**WORK INSTRUCTION**
Look through the records below for the line with "from run_defined_counts[OF this[unfolded". Return that line and each one after it up to and including the line with "L-summand spanned by", exactly.
** DATA UNDER STUDY follows **
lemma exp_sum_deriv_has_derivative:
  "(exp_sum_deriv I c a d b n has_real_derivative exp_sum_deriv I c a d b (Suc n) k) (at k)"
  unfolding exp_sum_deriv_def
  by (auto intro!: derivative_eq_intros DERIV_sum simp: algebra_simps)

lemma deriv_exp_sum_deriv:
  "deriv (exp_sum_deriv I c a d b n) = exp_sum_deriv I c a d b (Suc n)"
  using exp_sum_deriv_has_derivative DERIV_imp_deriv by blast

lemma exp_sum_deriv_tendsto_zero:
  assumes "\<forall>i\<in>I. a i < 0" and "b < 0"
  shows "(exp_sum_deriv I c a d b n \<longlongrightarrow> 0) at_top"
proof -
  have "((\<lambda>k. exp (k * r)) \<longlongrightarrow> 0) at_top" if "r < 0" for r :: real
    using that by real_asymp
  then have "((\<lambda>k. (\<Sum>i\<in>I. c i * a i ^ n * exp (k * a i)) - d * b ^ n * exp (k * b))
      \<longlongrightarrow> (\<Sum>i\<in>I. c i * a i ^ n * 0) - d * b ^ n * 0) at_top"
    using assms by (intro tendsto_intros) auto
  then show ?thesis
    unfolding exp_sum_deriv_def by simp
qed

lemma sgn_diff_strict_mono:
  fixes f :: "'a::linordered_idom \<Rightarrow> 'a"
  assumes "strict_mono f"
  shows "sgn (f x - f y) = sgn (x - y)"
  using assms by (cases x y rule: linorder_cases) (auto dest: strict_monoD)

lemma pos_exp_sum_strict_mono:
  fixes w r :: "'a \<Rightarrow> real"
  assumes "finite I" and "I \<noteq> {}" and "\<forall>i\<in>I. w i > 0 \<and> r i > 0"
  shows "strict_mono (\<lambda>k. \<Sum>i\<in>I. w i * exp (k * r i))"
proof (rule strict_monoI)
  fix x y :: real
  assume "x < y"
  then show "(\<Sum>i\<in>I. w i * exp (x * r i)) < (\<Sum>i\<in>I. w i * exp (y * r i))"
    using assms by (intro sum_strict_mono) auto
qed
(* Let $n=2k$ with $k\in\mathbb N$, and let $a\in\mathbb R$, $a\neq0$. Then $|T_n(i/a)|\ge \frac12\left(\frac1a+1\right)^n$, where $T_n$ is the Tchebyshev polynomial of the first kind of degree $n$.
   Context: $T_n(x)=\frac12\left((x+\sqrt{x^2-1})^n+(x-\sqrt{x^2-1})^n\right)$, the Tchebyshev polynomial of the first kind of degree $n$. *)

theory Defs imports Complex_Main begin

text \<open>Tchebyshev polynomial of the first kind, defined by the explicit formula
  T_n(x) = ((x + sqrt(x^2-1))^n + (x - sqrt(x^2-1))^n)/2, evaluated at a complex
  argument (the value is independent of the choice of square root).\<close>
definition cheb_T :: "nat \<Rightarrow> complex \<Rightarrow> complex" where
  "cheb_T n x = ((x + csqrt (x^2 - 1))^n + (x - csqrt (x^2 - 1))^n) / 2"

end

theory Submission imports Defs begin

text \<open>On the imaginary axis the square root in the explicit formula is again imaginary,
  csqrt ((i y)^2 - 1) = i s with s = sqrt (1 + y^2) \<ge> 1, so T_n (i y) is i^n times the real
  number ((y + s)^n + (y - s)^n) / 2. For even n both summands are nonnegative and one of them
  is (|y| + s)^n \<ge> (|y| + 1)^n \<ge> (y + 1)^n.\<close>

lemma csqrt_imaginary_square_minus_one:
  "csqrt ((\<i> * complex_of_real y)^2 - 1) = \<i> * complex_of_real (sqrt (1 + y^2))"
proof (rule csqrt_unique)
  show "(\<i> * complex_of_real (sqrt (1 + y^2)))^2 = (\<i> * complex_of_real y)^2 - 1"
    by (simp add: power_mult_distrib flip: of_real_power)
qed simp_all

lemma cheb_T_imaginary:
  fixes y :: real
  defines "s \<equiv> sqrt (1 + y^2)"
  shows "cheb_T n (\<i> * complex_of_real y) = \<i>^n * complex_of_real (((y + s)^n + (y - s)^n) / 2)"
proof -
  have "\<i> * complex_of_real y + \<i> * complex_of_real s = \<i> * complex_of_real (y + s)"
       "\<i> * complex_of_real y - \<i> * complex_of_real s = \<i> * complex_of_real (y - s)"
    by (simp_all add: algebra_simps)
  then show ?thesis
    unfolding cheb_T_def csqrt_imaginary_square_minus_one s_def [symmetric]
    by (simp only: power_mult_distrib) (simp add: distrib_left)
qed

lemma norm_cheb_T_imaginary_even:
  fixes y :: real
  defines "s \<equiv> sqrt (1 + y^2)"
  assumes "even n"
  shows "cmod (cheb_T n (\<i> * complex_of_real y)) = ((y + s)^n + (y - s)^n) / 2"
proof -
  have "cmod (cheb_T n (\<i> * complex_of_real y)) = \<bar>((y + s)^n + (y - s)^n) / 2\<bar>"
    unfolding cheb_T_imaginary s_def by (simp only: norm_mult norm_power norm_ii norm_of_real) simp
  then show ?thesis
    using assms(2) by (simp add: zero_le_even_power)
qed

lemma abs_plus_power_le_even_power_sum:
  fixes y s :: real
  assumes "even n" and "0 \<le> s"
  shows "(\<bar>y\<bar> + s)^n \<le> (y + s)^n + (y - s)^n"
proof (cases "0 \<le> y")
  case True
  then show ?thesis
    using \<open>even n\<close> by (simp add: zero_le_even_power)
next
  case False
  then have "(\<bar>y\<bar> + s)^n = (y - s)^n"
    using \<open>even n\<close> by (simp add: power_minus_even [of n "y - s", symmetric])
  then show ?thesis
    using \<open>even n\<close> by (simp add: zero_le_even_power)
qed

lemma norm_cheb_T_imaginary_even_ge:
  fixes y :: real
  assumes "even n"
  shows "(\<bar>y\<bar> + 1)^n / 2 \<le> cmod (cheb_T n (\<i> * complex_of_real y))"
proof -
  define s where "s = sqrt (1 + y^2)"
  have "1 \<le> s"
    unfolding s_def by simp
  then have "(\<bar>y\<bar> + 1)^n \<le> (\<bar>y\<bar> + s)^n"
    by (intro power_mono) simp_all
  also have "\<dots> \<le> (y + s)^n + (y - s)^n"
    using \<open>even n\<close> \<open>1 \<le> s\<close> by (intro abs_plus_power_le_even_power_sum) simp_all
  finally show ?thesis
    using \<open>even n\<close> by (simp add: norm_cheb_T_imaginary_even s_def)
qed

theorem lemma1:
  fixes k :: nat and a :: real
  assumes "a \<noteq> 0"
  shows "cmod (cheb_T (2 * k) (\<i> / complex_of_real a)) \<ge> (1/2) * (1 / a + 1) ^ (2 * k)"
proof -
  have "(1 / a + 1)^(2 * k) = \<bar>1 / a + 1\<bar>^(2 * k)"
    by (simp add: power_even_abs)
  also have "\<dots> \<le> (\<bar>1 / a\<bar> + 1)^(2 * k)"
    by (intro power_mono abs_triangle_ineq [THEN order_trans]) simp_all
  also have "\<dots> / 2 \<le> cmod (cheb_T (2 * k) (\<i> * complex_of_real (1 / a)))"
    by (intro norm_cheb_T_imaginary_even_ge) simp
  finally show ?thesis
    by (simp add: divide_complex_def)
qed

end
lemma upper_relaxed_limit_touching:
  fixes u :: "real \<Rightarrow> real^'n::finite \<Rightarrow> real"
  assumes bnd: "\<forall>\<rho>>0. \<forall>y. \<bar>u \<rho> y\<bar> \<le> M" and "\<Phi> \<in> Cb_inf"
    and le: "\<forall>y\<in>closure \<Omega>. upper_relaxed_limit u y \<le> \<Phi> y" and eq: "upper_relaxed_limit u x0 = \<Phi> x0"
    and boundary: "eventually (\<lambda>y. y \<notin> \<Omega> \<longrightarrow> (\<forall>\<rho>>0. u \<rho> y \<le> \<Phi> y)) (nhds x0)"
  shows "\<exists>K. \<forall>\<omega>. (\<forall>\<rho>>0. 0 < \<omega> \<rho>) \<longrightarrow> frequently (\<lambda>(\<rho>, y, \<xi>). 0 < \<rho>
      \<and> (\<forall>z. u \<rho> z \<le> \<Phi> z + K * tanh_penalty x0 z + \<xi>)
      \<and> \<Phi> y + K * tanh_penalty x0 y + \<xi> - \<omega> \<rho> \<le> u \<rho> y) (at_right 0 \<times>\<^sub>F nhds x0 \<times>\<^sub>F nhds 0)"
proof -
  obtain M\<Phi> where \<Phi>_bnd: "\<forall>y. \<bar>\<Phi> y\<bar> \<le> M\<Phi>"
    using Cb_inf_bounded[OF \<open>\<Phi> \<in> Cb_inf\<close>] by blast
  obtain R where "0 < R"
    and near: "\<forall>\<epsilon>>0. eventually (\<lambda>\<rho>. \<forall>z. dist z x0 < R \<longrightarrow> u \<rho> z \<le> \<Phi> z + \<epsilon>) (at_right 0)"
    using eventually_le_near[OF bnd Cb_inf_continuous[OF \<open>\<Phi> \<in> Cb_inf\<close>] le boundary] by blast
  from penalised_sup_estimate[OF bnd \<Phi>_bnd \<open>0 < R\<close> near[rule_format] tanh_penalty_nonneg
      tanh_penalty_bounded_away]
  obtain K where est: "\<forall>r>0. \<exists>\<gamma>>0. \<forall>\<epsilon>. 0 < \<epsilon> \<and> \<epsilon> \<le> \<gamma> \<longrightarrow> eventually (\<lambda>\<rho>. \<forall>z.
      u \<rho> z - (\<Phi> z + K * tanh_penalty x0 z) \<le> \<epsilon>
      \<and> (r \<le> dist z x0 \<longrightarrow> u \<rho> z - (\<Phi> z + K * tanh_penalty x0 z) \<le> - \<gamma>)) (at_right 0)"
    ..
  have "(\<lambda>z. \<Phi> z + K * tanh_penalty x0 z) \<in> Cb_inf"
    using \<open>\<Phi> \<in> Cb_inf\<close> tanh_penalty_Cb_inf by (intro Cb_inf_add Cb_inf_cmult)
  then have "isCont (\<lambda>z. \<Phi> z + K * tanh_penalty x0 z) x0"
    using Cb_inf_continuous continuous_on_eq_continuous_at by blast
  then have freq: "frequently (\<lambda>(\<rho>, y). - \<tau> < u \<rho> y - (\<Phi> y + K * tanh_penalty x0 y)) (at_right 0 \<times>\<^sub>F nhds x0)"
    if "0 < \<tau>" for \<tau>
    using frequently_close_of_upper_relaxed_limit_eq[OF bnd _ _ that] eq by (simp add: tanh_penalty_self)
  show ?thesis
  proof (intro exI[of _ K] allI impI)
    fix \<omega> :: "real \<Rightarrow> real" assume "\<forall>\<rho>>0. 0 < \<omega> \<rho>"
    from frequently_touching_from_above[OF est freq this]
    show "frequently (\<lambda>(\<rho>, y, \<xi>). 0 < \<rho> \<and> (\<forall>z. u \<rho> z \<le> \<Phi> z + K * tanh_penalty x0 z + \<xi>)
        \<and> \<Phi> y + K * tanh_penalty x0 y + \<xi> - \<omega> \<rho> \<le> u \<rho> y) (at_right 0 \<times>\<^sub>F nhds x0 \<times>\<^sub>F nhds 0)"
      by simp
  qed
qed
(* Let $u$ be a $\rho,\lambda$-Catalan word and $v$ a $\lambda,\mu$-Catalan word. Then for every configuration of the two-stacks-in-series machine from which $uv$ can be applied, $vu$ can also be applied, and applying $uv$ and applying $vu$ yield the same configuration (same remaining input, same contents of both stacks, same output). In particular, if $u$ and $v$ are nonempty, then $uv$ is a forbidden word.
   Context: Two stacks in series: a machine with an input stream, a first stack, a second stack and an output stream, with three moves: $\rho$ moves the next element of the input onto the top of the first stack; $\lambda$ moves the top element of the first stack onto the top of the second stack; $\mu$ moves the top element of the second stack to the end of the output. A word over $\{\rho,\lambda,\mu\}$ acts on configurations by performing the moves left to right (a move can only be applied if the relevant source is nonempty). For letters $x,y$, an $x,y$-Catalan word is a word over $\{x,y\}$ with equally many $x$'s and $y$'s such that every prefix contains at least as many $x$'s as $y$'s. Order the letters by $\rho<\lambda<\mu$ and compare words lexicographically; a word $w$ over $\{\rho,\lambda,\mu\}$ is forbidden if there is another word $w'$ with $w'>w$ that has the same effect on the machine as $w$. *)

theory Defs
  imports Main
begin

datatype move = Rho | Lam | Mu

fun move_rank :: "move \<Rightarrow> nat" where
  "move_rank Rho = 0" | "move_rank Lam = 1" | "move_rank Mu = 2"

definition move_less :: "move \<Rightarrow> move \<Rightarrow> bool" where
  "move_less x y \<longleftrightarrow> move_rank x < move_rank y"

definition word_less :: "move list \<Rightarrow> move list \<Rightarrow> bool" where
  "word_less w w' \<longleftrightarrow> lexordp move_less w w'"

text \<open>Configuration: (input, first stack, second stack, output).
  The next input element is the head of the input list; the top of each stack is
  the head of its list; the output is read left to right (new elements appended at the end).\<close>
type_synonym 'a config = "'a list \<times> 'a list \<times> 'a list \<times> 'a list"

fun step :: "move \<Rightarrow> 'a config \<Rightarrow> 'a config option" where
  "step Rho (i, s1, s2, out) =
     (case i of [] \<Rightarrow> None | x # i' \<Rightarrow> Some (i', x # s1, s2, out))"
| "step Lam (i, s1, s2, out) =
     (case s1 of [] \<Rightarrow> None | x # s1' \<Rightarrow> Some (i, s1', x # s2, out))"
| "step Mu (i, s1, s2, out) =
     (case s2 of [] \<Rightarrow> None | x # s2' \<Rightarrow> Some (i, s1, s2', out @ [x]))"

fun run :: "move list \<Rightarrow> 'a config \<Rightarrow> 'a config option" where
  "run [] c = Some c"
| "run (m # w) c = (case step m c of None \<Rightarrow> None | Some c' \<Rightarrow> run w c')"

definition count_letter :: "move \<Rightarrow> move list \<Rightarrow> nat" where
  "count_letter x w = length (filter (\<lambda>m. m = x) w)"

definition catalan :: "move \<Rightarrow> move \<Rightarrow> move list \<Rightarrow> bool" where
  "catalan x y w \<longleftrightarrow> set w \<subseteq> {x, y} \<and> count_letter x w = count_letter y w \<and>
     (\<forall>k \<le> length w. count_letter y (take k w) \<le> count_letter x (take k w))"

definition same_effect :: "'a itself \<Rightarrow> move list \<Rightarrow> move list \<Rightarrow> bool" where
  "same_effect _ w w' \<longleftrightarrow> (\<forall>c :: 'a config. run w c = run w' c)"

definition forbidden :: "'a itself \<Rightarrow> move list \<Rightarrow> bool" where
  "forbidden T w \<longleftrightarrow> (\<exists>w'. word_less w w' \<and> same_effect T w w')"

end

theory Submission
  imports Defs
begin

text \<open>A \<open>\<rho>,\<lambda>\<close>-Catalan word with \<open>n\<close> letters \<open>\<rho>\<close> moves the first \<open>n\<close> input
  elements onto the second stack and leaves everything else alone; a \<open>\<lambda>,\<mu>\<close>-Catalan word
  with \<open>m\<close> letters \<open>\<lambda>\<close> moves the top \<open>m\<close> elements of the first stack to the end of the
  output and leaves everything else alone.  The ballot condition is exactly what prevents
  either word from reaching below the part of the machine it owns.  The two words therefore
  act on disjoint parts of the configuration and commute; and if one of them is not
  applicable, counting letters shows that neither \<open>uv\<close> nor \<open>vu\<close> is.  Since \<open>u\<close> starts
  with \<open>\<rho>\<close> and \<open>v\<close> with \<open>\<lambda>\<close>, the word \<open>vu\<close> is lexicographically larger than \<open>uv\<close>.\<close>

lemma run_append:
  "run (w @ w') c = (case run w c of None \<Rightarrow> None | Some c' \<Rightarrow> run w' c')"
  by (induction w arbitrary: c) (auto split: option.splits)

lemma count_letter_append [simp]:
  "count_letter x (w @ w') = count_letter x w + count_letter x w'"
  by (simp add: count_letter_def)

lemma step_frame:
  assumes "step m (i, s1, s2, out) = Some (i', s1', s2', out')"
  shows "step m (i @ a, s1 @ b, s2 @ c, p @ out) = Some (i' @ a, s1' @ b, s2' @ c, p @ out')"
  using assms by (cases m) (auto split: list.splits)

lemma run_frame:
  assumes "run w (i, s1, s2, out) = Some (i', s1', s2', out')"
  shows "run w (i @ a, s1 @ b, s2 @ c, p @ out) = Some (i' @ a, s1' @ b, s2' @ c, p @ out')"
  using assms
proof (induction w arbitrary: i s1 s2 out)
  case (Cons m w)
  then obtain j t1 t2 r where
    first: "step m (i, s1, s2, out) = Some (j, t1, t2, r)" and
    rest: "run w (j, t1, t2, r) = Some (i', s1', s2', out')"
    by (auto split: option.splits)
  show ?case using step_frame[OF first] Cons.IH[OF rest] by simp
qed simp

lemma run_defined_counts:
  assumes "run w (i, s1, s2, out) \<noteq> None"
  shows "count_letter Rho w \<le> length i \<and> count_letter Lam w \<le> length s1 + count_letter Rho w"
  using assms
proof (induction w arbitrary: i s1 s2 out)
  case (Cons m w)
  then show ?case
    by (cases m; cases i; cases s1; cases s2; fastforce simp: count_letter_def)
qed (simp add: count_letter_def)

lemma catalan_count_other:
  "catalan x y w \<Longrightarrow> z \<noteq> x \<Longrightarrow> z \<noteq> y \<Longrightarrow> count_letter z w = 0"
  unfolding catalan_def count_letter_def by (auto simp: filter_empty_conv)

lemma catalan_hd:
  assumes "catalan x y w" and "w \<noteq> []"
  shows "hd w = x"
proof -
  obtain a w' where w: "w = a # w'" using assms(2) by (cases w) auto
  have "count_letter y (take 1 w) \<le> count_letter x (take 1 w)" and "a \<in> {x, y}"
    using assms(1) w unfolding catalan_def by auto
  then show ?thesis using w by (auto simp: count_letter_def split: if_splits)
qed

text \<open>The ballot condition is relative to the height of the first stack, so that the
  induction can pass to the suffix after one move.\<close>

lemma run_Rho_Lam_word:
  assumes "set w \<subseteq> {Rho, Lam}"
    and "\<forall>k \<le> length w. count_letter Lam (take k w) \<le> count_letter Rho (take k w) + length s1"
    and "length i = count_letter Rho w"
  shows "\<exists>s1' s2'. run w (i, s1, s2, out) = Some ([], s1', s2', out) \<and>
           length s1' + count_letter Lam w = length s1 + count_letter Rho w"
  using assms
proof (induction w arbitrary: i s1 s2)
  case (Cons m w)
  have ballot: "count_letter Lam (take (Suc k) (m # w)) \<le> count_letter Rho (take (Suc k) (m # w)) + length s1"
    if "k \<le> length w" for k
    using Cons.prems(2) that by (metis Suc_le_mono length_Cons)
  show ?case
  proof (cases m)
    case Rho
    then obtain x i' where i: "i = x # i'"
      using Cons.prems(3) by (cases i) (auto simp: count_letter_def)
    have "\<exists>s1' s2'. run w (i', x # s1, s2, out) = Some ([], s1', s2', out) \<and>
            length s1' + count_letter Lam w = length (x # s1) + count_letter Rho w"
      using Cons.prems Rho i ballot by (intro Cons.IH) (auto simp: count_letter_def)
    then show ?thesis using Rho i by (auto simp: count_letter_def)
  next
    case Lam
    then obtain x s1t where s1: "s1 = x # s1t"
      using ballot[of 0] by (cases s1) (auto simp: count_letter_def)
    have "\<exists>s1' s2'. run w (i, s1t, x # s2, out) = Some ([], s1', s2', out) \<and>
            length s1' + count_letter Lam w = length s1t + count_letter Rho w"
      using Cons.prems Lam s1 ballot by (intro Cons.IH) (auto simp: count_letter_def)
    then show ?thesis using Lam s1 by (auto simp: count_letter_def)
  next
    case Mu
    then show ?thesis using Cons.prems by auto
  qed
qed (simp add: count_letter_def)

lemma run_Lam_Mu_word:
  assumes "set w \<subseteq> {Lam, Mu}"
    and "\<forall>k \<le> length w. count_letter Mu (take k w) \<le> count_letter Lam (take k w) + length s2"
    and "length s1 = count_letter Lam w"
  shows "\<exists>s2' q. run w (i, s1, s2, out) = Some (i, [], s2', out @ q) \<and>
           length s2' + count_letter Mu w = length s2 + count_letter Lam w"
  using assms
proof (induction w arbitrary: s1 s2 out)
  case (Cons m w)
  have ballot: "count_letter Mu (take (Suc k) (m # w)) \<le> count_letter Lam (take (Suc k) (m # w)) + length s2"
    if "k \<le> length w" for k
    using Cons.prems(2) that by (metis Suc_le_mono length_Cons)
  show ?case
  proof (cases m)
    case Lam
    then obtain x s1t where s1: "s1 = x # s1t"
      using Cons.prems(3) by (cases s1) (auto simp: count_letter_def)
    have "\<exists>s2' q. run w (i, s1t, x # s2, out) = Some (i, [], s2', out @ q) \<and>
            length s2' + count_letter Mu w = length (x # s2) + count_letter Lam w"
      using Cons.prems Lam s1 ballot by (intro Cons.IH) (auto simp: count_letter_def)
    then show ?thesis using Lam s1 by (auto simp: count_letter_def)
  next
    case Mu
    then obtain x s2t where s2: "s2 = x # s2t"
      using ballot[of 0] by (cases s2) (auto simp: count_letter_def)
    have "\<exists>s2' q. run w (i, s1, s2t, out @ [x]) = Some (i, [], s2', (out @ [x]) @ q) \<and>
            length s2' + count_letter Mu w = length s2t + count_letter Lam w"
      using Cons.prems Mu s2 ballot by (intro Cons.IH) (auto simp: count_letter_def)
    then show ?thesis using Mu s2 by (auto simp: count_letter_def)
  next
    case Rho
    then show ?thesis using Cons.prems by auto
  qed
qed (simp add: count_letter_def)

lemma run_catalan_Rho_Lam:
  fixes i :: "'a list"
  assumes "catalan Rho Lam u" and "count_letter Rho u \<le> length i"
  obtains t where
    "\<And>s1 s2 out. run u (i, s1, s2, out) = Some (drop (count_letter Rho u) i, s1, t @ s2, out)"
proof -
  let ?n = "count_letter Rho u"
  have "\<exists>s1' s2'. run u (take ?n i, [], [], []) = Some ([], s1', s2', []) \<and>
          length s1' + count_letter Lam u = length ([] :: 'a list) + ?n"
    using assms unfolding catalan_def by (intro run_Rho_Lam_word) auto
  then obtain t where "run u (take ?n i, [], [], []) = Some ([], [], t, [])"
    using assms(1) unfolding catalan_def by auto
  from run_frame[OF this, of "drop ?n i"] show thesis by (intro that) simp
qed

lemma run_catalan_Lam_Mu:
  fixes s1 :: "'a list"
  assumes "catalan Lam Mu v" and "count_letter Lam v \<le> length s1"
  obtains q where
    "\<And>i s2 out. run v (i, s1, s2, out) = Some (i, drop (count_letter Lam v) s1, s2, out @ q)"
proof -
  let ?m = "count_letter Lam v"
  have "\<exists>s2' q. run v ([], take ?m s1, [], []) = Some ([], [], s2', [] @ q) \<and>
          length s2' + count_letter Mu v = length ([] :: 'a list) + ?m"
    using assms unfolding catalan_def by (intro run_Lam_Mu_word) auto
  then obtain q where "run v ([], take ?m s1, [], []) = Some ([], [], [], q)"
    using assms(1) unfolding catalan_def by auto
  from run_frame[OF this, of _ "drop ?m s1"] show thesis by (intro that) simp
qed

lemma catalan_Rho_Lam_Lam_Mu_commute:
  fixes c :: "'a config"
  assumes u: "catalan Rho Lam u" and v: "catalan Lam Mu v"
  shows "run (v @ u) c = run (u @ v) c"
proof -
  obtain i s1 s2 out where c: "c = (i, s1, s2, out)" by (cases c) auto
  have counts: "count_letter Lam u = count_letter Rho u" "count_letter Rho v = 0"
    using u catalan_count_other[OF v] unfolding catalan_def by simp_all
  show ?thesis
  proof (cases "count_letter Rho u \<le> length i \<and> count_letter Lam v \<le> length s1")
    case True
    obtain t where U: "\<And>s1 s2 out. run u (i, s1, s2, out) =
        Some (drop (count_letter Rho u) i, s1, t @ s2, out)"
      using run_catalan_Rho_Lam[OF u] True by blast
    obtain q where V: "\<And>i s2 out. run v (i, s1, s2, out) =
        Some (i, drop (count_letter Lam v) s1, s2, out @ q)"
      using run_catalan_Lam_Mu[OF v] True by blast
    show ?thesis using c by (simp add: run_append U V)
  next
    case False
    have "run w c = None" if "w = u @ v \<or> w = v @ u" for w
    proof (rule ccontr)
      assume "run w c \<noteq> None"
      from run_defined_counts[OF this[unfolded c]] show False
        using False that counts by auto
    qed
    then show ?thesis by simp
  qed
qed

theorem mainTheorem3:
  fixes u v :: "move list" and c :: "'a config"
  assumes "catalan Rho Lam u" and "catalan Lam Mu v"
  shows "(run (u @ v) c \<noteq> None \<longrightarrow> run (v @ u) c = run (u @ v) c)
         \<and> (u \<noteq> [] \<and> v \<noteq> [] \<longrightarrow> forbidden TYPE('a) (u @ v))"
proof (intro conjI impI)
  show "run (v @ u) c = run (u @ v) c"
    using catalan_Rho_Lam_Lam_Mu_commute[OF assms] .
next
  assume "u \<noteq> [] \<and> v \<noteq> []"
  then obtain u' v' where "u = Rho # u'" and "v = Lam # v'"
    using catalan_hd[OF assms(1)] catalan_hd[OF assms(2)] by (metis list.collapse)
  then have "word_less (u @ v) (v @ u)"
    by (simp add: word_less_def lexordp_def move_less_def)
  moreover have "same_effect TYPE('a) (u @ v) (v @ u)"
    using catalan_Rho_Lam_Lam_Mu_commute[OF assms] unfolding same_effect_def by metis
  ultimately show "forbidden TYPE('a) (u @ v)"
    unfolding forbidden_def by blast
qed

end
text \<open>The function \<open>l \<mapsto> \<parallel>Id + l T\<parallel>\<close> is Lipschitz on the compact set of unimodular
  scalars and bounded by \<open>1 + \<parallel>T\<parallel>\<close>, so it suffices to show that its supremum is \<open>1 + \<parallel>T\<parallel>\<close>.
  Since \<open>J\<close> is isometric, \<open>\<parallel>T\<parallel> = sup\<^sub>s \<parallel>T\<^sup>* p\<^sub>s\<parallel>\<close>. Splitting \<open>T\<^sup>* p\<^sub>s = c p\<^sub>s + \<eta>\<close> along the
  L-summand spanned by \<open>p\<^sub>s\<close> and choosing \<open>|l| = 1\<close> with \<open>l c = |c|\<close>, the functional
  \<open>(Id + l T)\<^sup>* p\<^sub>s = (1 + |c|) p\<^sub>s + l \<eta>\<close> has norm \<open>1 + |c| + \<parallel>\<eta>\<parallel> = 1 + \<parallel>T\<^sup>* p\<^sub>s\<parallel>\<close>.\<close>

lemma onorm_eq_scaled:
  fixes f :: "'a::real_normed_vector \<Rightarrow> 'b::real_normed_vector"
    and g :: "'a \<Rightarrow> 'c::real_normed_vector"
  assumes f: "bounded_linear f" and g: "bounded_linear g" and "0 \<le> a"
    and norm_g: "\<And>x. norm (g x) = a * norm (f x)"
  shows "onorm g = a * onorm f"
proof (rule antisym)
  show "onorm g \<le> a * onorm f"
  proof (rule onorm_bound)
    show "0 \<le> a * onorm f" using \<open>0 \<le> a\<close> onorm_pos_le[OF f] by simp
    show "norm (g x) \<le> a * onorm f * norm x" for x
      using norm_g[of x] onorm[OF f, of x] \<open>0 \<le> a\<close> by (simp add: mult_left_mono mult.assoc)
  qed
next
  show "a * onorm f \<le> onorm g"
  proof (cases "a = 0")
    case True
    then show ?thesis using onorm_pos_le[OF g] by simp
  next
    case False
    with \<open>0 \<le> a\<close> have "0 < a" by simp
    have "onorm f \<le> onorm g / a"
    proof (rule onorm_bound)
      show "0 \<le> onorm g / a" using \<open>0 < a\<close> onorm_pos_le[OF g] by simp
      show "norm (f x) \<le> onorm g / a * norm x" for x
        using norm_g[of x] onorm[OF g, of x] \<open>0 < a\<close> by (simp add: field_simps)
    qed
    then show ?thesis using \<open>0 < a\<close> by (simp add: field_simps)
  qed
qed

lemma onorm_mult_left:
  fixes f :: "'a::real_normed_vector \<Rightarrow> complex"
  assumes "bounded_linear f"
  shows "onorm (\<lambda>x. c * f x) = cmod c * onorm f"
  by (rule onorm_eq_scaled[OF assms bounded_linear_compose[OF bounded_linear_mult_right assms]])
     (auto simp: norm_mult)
** End of DATA UNDER STUDY **
**WRITTEN REPLY**
      from run_defined_counts[OF this[unfolded c]] show False
        using False that counts by auto
    qed
    then show ?thesis by simp
  qed
qed

theorem mainTheorem3:
  fixes u v :: "move list" and c :: "'a config"
  assumes "catalan Rho Lam u" and "catalan Lam Mu v"
  shows "(run (u @ v) c \<noteq> None \<longrightarrow> run (v @ u) c = run (u @ v) c)
         \<and> (u \<noteq> [] \<and> v \<noteq> [] \<longrightarrow> forbidden TYPE('a) (u @ v))"
proof (intro conjI impI)
  show "run (v @ u) c = run (u @ v) c"
    using catalan_Rho_Lam_Lam_Mu_commute[OF assms] .
next
  assume "u \<noteq> [] \<and> v \<noteq> []"
  then obtain u' v' where "u = Rho # u'" and "v = Lam # v'"
    using catalan_hd[OF assms(1)] catalan_hd[OF assms(2)] by (metis list.collapse)
  then have "word_less (u @ v) (v @ u)"
    by (simp add: word_less_def lexordp_def move_less_def)
  moreover have "same_effect TYPE('a) (u @ v) (v @ u)"
    using catalan_Rho_Lam_Lam_Mu_commute[OF assms] unfolding same_effect_def by metis
  ultimately show "forbidden TYPE('a) (u @ v)"
    unfolding forbidden_def by blast
qed

end
text \<open>The function \<open>l \<mapsto> \<parallel>Id + l T\<parallel>\<close> is Lipschitz on the compact set of unimodular
  scalars and bounded by \<open>1 + \<parallel>T\<parallel>\<close>, so it suffices to show that its supremum is \<open>1 + \<parallel>T\<parallel>\<close>.
  Since \<open>J\<close> is isometric, \<open>\<parallel>T\<parallel> = sup\<^sub>s \<parallel>T\<^sup>* p\<^sub>s\<parallel>\<close>. Splitting \<open>T\<^sup>* p\<^sub>s = c p\<^sub>s + \<eta>\<close> along the
  L-summand spanned by \<open>p\<^sub>s\<close> and choosing \<open>|l| = 1\<close> with \<open>l c = |c|\<close>, the functional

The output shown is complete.